[INFORMATION PROVIDED — start]
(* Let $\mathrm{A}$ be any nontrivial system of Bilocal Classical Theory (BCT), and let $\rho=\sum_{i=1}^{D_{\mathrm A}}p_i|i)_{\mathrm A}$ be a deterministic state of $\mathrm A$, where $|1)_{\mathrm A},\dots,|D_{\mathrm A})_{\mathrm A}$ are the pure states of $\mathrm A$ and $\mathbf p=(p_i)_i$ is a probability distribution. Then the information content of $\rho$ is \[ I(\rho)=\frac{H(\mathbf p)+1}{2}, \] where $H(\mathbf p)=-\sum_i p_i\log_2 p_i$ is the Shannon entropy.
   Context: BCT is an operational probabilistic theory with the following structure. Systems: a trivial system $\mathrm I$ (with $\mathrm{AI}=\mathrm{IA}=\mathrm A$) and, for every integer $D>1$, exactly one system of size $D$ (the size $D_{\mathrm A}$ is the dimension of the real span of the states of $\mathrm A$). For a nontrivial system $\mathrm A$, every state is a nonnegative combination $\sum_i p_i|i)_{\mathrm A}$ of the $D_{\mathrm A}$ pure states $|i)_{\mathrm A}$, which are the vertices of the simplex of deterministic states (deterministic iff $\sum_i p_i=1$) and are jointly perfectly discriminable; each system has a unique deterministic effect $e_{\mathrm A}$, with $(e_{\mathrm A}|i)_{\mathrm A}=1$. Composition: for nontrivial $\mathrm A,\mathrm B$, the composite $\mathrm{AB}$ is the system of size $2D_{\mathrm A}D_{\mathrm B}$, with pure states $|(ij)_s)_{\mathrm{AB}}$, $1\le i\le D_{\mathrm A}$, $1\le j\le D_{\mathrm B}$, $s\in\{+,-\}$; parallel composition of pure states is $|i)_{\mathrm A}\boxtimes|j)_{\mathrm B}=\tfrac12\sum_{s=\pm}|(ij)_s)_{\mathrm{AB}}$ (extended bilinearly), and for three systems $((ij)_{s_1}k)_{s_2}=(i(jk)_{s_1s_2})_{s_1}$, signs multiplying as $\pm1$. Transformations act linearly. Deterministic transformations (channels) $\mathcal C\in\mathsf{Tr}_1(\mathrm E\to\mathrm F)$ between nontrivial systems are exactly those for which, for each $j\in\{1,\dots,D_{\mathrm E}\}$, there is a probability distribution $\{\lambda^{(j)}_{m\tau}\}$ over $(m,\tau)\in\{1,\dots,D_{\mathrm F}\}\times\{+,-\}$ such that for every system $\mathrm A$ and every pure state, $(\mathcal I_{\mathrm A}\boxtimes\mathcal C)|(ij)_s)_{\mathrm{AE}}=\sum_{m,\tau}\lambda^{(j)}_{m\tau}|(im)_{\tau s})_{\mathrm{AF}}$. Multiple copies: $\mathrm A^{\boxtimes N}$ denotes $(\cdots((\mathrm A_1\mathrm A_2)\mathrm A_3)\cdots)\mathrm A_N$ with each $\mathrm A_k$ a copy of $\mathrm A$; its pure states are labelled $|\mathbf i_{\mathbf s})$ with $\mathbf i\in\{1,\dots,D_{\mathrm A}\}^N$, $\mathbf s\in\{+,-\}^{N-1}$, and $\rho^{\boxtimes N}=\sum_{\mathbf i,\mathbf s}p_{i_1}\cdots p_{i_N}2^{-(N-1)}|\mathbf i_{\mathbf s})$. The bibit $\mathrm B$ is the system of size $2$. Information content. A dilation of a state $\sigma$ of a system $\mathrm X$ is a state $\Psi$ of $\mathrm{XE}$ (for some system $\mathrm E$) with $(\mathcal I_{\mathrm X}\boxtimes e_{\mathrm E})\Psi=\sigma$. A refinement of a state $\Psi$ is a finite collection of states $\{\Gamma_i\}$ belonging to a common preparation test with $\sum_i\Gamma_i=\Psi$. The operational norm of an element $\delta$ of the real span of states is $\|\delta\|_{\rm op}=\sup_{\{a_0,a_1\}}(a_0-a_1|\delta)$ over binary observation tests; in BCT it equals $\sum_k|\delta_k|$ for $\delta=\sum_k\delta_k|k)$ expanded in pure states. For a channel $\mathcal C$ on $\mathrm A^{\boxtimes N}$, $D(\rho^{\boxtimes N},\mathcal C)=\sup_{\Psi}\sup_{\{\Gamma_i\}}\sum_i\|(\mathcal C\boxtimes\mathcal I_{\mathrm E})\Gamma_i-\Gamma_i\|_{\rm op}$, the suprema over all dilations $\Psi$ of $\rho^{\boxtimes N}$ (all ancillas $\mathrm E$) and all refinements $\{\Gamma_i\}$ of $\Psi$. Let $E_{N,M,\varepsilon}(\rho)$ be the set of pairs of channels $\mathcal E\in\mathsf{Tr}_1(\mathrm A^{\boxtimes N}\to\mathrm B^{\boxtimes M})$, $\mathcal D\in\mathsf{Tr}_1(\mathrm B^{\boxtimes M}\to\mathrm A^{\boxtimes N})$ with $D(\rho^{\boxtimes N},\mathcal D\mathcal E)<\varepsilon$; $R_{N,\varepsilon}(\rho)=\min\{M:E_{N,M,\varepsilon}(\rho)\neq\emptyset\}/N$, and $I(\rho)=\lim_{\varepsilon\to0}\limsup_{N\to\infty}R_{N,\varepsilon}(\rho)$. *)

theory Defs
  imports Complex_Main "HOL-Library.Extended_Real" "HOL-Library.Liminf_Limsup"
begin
[INFORMATION PROVIDED — finish]
- EXERCISE DESCRIPTION
Your task is to reproduce exactly the lines that begin with the one containing "theory Defs" and continue to the end of the data, both ends included.

- OUTPUT BELOW
theory Defs
  imports Complex_Main "HOL-Library.Extended_Real" "HOL-Library.Liminf_Limsup"
begin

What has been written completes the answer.